[[ DATASET ENTRIES open ]]
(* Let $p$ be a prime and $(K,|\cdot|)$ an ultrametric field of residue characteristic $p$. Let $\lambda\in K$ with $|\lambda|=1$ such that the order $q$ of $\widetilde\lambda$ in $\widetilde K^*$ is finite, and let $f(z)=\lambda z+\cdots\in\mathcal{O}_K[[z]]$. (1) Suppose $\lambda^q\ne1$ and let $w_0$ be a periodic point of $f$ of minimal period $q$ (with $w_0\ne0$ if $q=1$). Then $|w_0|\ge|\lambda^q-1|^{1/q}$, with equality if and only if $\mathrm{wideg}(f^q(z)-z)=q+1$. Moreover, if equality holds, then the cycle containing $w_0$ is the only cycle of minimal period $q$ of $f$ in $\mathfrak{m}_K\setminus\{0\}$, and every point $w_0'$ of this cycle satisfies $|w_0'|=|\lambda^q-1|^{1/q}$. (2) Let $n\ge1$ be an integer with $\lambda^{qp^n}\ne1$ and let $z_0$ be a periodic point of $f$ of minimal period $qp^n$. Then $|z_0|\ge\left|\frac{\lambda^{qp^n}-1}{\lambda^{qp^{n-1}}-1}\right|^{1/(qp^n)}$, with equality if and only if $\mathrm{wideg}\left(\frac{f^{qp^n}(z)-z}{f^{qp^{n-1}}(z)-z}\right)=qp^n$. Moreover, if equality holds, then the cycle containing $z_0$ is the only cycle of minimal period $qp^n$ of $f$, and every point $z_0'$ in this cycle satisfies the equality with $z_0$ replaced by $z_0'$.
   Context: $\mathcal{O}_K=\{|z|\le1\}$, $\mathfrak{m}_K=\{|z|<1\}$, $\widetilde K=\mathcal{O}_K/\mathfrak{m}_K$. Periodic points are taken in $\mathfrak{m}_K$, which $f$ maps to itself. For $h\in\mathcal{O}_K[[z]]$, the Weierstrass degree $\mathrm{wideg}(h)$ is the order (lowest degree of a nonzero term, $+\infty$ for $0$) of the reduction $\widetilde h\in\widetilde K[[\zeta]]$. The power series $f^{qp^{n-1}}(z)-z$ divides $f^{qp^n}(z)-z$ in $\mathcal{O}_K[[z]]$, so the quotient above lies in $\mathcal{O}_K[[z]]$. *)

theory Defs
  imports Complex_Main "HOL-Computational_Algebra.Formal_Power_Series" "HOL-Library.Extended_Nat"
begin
[[ DATASET ENTRIES closed ]]
[[ DATASET ENTRIES open ]]
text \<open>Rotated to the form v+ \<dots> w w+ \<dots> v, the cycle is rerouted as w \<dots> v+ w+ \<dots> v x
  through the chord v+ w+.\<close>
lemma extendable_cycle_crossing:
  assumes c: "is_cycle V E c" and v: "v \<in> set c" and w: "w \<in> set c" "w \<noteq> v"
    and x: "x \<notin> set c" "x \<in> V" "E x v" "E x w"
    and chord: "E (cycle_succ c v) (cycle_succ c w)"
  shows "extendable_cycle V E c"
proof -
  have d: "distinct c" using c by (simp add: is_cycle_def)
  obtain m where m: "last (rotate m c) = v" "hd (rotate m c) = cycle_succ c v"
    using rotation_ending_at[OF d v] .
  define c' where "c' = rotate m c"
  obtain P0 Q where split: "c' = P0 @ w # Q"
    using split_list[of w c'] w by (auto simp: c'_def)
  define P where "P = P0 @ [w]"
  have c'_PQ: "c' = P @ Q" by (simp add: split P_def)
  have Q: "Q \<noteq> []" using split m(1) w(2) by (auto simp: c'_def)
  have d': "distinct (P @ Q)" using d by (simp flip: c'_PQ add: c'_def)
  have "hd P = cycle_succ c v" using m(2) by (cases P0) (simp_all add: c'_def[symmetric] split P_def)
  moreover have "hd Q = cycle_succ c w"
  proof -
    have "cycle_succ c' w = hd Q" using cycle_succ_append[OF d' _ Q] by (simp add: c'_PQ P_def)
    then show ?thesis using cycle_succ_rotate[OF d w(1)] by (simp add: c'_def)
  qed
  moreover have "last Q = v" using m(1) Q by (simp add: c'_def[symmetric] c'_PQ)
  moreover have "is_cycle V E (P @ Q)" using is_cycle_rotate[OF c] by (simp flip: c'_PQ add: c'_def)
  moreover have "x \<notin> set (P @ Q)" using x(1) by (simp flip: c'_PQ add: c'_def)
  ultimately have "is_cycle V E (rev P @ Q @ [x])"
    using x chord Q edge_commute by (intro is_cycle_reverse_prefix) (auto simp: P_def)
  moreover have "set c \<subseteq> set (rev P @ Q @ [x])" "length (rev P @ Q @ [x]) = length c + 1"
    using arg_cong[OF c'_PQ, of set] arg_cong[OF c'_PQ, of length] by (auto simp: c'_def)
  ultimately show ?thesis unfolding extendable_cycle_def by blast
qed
[[ DATASET ENTRIES closed ]]
## EXERCISE:
Wherever the word "ultimately" turns up in the records above, copy the line that holds it.

## TASK RESPONSE:
  ultimately have "is_cycle V E (rev P @ Q @ [x])"
  ultimately show ?thesis unfolding extendable_cycle_def by blast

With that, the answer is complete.